# Is Sempron a 64bit processor?



## IG (Nov 17, 2005)

I recently bougth an AMD Sempron 754 pin processor and the box showed the AMD 64 logo.
I had specificalled asked for a 64 bit sempron processor.
Now I am unsure of whether it is a 64 bit processor or not.
Right clicking on my computer and viewing the properties did not show any difference.
Could someone pls let me know how I can find out?


----------



## dabster (Nov 18, 2005)

Yes, Newer Sempron With Core stepping E6 are 64 bit Processor,
Since the AMD 64 logo is there on the processor box it is surely a 64 bit processor ( Unless shopkeeper didn't had any bad intentions).
You can download a small utility like CPU-z. Which will show all the details of yr computer...
Search on google from where to download.

--


----------



## IG (Nov 18, 2005)

thanks!


----------



## IG (Nov 22, 2005)

*img453.imageshack.us/img453/4378/cpuz6ka.png

Could someone take a look at this and tell me if is says 64 bit processor pls ? I think it does but not too sure and the cpuz readme does not have much info on this.....


----------



## siriusb (Nov 22, 2005)

x86-64 means that your cpu supports 64bit apps as well as 32 bit Apps, unlike 64bit cpus that support only 64bit OS.
IOW, it is that 64bit thing as advertised. Yours is a good one at that seeing that it's based on venice core (E6)as you've got sse3 instruction set.


----------



## IG (Nov 22, 2005)

cool...thanks! 
Now I can go on and get the amd64bit free bsd


----------



## geekysage (Nov 23, 2005)

siriusb said:
			
		

> x86-64 means that your cpu supports 64bit apps as well as 32 bit Apps, unlike 64bit cpus that support only 64bit OS.



 
AFAIK, all the 64 bit processors available in the market are backward compatible i.e. support 32 bit OSes. Even the server ones like the IBM RS/6000 are backward compatible! I think you confused 64 bit OS with the CPU. It's 64 bit OSes like Windows XP 64 bit that *need* 64 bit drivers and stuff.

Please don't hesitate to correct me if i am wrong.


----------



## siriusb (Nov 23, 2005)

Are you sure that all 64bit processors can run 32 bit OSes? If so, it would be interesting news to me. I've only heard of 64bit OSes linux/unix running on rs/6000 processors. The wiki on x64 says that the legacy mode in x64 is what enables 32/16 bit OSes to run on it.
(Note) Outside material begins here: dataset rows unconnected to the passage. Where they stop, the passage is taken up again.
text \<open>The witness is the intersection of a maximal cone subspace of aperture 1/rho at j with a
  subspace on which the cone of aperture rho at j + 1 is strictly violated.\<close>
lemma cone_dim_drop_subspace:
  assumes W: "subspace W" and "j < d" "\<rho> > 1"
  shows "\<exists>I. subspace I \<and> I \<subseteq> W \<and> cone_dim W j (1 / \<rho>) \<le> cone_dim W (Suc j) \<rho> + dim I \<and>
    (\<forall>v\<in>I. v \<noteq> 0 \<longrightarrow> peaked \<rho> j v)"
proof -
  obtain S where S: "cone_subspace W j (1 / \<rho>) S" "dim S = cone_dim W j (1 / \<rho>)"
    using cone_dim_attained[OF W] by blast
  obtain G where G: "subspace G" "G \<subseteq> W" "dim W \<le> dim G + cone_dim W (Suc j) \<rho>"
    "\<forall>g\<in>G. g \<noteq> 0 \<longrightarrow> \<rho> * coord_sqsum {Suc j..<d} g < coord_sqsum {..<Suc j} g"
    using positive_cone_complement_exists[OF W] by blast
  have sS: "subspace S" "S \<subseteq> W" using S(1) by (auto simp: cone_subspace_def)
  have "dim {x + y |x y. x \<in> S \<and> y \<in> G} + dim (S \<inter> G) = dim S + dim G"
    by (rule dim_sums_Int[OF sS(1) G(1)])
  moreover have "dim {x + y |x y. x \<in> S \<and> y \<in> G} \<le> dim W"
    using sS G W by (intro dim_subset) (auto intro: subspace_add)
  ultimately have "cone_dim W j (1 / \<rho>) \<le> cone_dim W (Suc j) \<rho> + dim (S \<inter> G)"
    using S(2) G(3) by linarith
  moreover have "peaked \<rho> j v" if "v \<in> S \<inter> G" "v \<noteq> 0" for v
  proof -
    have "coord_sqsum {..<j} v \<le> 1 / \<rho> * coord_sqsum {j..<d} v"
      using S(1) that by (auto simp: cone_subspace_def in_cone_def)
    then have "\<rho> * coord_sqsum {..<j} v \<le> (v \<bullet> e j)\<^sup>2 + coord_sqsum {Suc j..<d} v"
      using \<open>\<rho> > 1\<close> \<open>j < d\<close> by (simp add: coord_sqsum_atLeast_split field_simps)
    moreover have "\<rho> * coord_sqsum {Suc j..<d} v < coord_sqsum {..<j} v + (v \<bullet> e j)\<^sup>2"
      using G(4) that by (simp add: coord_sqsum_lessThan_Suc)
    ultimately show ?thesis
      using that \<open>j < d\<close> by (simp add: peaked_def coord_sqsum_remove algebra_simps)
  qed
  ultimately show ?thesis
    using subspace_inter[OF sS(1) G(1)] sS(2) by (intro exI[of _ "S \<inter> G"]) auto
qed
lemma partition_of_tail_blocking:
  assumes P: "partition_of P m" and "2 \<le> nblocks P"
  shows "partition_of (tail_blocking P) (m - P ! 1)"
  unfolding partition_of_def
proof (intro conjI)
  have len: "length (tail_blocking P) = nblocks P"
    unfolding tail_blocking_def nblocks_def by simp
  have nth: "tail_blocking P ! i = P ! Suc i - P ! 1" if "i < nblocks P" for i
    using tail_blocking_nth[OF that] .
  have ge: "P ! 1 \<le> P ! Suc i" if "i < nblocks P" for i
    using partition_of_mono[OF P, of 1 "Suc i"] that length_partition[OF P] by simp
  show "2 \<le> length (tail_blocking P)" using len \<open>2 \<le> nblocks P\<close> by simp
  show "sorted_wrt (<) (tail_blocking P)"
    unfolding sorted_wrt_iff_nth_less len
  proof (intro allI impI)
    fix i j assume "i < j" "j < nblocks P"
    then show "tail_blocking P ! i < tail_blocking P ! j"
      using nth ge[of i] partition_of_less[OF P, of "Suc i" "Suc j"] length_partition[OF P] by auto
  qed
  have ne: "tail_blocking P \<noteq> []" using len \<open>2 \<le> nblocks P\<close> by auto
  show "hd (tail_blocking P) = 0"
    using hd_conv_nth[OF ne] nth[of 0] \<open>2 \<le> nblocks P\<close> by simp
  show "last (tail_blocking P) = m - P ! 1"
    using last_conv_nth[OF ne] nth[of "nblocks P - 1"] len \<open>2 \<le> nblocks P\<close>
      partition_of_nth_nblocks[OF P] by auto
qed

lemma shift_blocking_0: "partition_of I n \<Longrightarrow> shift_blocking I 0 = I"
  unfolding shift_blocking_def by (simp add: partition_of_nth_0)

lemma shift_blocking_nth_1: "Suc k < length I \<Longrightarrow> shift_blocking I k ! 1 = I ! Suc k - I ! k"
  unfolding shift_blocking_def using nth_drop[of k I 1] by simp

lemma shift_blocking_Suc:
  assumes I: "partition_of I n" and k: "Suc k < length I"
  shows "shift_blocking I (Suc k) = tail_blocking (shift_blocking I k)"
proof (rule nth_equalityI)
  show "length (shift_blocking I (Suc k)) = length (tail_blocking (shift_blocking I k))"
    unfolding shift_blocking_def tail_blocking_def by simp
  fix i assume "i < length (shift_blocking I (Suc k))"
  then have i: "Suc k + i < length I" unfolding shift_blocking_def by simp
  have "I ! k \<le> I ! Suc k" "I ! Suc k \<le> I ! (Suc k + i)"
    using partition_of_mono[OF I] i by auto
  then show "shift_blocking I (Suc k) ! i = tail_blocking (shift_blocking I k) ! i"
    using i k nth_drop[of k I "Suc i"] unfolding shift_blocking_def tail_blocking_def by (simp add: nth_tl)
qed

lemma blk_carrier: "blk B R C i j \<in> carrier_mat (R ! Suc i - R ! i) (C ! Suc j - C ! j)"
  unfolding blk_def by auto

lemma blk_index: "r < R ! Suc i - R ! i \<Longrightarrow> c < C ! Suc j - C ! j \<Longrightarrow>
    blk B R C i j $$ (r, c) = B $$ (R ! i + r, C ! j + c)"
  unfolding blk_def by auto

lemma lead_carrier: "lead A k \<in> carrier_mat k k"
  unfolding lead_def by simp

lemma blk_0_0_eq_lead: "partition_of P m \<Longrightarrow> blk B P P 0 0 = lead B (P ! 1)"
  unfolding blk_def lead_def by (simp add: partition_of_nth_0)

lemma blk_single_block:
  "partition_of P m \<Longrightarrow> nblocks P = 1 \<Longrightarrow> B \<in> carrier_mat m m \<Longrightarrow> blk B P P 0 0 = B"
  using partition_of_nth_nblocks[of P m] unfolding blk_def
  by (intro eq_matI) (auto simp: partition_of_nth_0)

lemma blk_schur_complement:
  fixes B :: "'a::field mat"
  assumes B: "B \<in> carrier_mat m m" and P: "partition_of P m" and inv: "invertible_mat (blk B P P 0 0)"
    and i: "Suc i < nblocks P" and j: "Suc j < nblocks P"
  shows "blk (schur_complement B (P ! 1)) (tail_blocking P) (tail_blocking P) i j
    = blk B P P (Suc i) (Suc j) - blk B P P (Suc i) 0 * mat_inv (blk B P P 0 0) * blk B P P 0 (Suc j)"
    (is "?S = _")
proof -
  define d where "d = P ! 1"
  define X where "X = mat_inv (blk B P P 0 0)"
  have X: "X \<in> carrier_mat d d"
    using invertible_mat_inv(1)[OF blk_carrier inv] partition_of_nth_0[OF P] unfolding X_def d_def by simp
  have X_lead: "X = mat_inv (mat d d (($$) B))"
    using blk_0_0_eq_lead[OF P, of B] unfolding X_def d_def lead_def by simp
  have lenP: "length P = Suc (nblocks P)" by (rule length_partition[OF P])
  have d: "d \<le> P ! Suc i" "d \<le> P ! Suc j" unfolding d_def using partition_of_mono[OF P] i j lenP by auto
  have bound: "P ! Suc (Suc i) \<le> m" "P ! Suc (Suc j) \<le> m" using partition_of_nth_le[OF P] i j lenP by auto
  have S: "schur_complement B d $$ (a, b) = B $$ (a + d, b + d)
      - (\<Sum>k = 0..<d. (\<Sum>l = 0..<d. B $$ (a + d, l) * X $$ (l, k)) * B $$ (k, b + d))"
    if "a < m - d" "b < m - d" for a b
    using that B X unfolding schur_complement_def split_block_def Let_def
    by (simp add: scalar_prod_def X_lead[symmetric])
  show ?thesis
    unfolding X_def[symmetric]
  proof (rule eq_matI)
    fix r c assume "r < dim_row (blk B P P (Suc i) (Suc j) - blk B P P (Suc i) 0 * X * blk B P P 0 (Suc j))"
      "c < dim_col (blk B P P (Suc i) (Suc j) - blk B P P (Suc i) 0 * X * blk B P P 0 (Suc j))"
    then have r: "r < P ! Suc (Suc i) - P ! Suc i" and c: "c < P ! Suc (Suc j) - P ! Suc j"
      by (simp_all add: blk_def)
    have "?S $$ (r, c) = schur_complement B d $$ (P ! Suc i - d + r, P ! Suc j - d + c)"
      using r c i j d unfolding d_def by (subst blk_index) (auto simp: tail_blocking_nth)
    also have "\<dots> = B $$ (P ! Suc i + r, P ! Suc j + c)
      - (\<Sum>k = 0..<d. (\<Sum>l = 0..<d. B $$ (P ! Suc i + r, l) * X $$ (l, k)) * B $$ (k, P ! Suc j + c))"
      using r c d bound by (subst S) auto
    also have "\<dots> = (blk B P P (Suc i) (Suc j) - blk B P P (Suc i) 0 * X * blk B P P 0 (Suc j)) $$ (r, c)"
      using r c X unfolding d_def
      by (simp add: blk_def scalar_prod_def partition_of_nth_0[OF P])
    finally show "?S $$ (r, c) = \<dots>" .
  qed (use i j d partition_of_mono[OF P, of "Suc i" "Suc (Suc i)"]
      partition_of_mono[OF P, of "Suc j" "Suc (Suc j)"] lenP in \<open>auto simp: blk_def tail_blocking_nth d_def\<close>)
qed

lemma nblocks_shift_blocking: "nblocks (shift_blocking I k) = nblocks I - k"
  unfolding shift_blocking_def nblocks_def by simp

lemma nblocks_take: "k < length I \<Longrightarrow> nblocks (take (Suc k) I) = k"
  unfolding nblocks_def by (cases I) auto

lemma partition_of_take:
  assumes I: "partition_of I n" and k: "1 \<le> k" "k \<le> nblocks I"
  shows "partition_of (take (Suc k) I) (I ! k)"
proof -
  have k_len: "k < length I" using k length_partition[OF I] by simp
  then have "I \<noteq> []" and ne: "take (Suc k) I \<noteq> []" by auto
  then show ?thesis
    using I k k_len hd_conv_nth[OF ne] last_conv_nth[OF ne] partition_of_nth_0[OF I]
    by (auto simp: partition_of_def sorted_wrt_take)
qed

lemma blk_lead:
  assumes I: "partition_of I n" and "i < k" "j < k" "k \<le> nblocks I"
  shows "blk (lead A (I ! k)) (take (Suc k) I) (take (Suc k) I) i j = blk A I I i j"
proof -
  have "I ! Suc i \<le> I ! k" "I ! Suc j \<le> I ! k"
    using partition_of_mono[OF I] length_partition[OF I] assms by auto
  then show ?thesis using assms unfolding blk_def lead_def by (intro eq_matI) auto
qed

section \<open>Perturbation of the inverse\<close>

locale submultiplicative_norm_family =
  fixes N :: "'a::real_normed_field mat \<Rightarrow> real"
  assumes norm_family: "mat_norm_family N" and submult: "submultiplicative N"
begin

lemma N_nonneg: "0 \<le> N B"
  using norm_family unfolding mat_norm_family_def by auto

lemma N_pos: "B \<noteq> 0\<^sub>m (dim_row B) (dim_col B) \<Longrightarrow> 0 < N B"
  using norm_family N_nonneg unfolding mat_norm_family_def by (metis order_le_less)

lemma N_mult: "dim_col X = dim_row Y \<Longrightarrow> N (X * Y) \<le> N X * N Y"
  using submult unfolding submultiplicative_def by auto

lemma N_mult3:
  assumes "dim_col X = dim_row Y" "dim_col Y = dim_row Z"
  shows "N (X * Y * Z) \<le> N X * N Y * N Z"
proof -
  have "N (X * Y * Z) \<le> N (X * Y) * N Z" using assms by (intro N_mult) simp
  also have "\<dots> \<le> N X * N Y * N Z" using N_mult[OF assms(1)] N_nonneg by (rule mult_right_mono)
  finally show ?thesis .
qed

lemma N_mult_mult_le:
  assumes "X \<in> carrier_mat q q" "E \<in> carrier_mat q q" "V \<in> carrier_mat q p"
  shows "N (X * (E * V)) \<le> N X * (N E * N V)"
proof -
  have "N (X * (E * V)) \<le> N X * N (E * V)" using assms by (intro N_mult) simp
  also have "\<dots> \<le> N X * (N E * N V)" using assms by (intro mult_left_mono N_mult N_nonneg) simp
  finally show ?thesis .
qed

lemma N_add: "dim_row B = dim_row C \<Longrightarrow> dim_col B = dim_col C \<Longrightarrow> N (B + C) \<le> N B + N C"
  using norm_family unfolding mat_norm_family_def by auto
Seeing as pure 64bit processors didn't have this support, I didn't think 32bit OSes could've run on them.


----------



## Kniwor (Nov 23, 2005)

No not all 64 bit processors can run 32bit OS's.... but most processors available in the market can.... 10 years down the line 64 bit processors will not be able to run 32bit OS's.......


----------



## geekysage (Nov 23, 2005)

Are you serious?  (  , yeah i notice the similarity)
Man, i have an AMD X2 which is also 64 bit, like almost every other AMD processor, and i run Windows XP Pro 32 bit w/out any problems. It's weird you say that, makes me doubt myself - considering your earlier posts and discussions with me.





			
				siriusb said:
			
		

> Seeing as pure 64bit processors didn't have this support, I didn't think 32bit OSes could've run on them.


I don't know what you mean by pure because every 64 bit processor that i know of also runs in *legacy mode* i.e. supports 32 bit platforms. Of course, every major processor manufacturer has implemented 64 bit in a different way but they have still kept the processors backward compatible for obvious reasons.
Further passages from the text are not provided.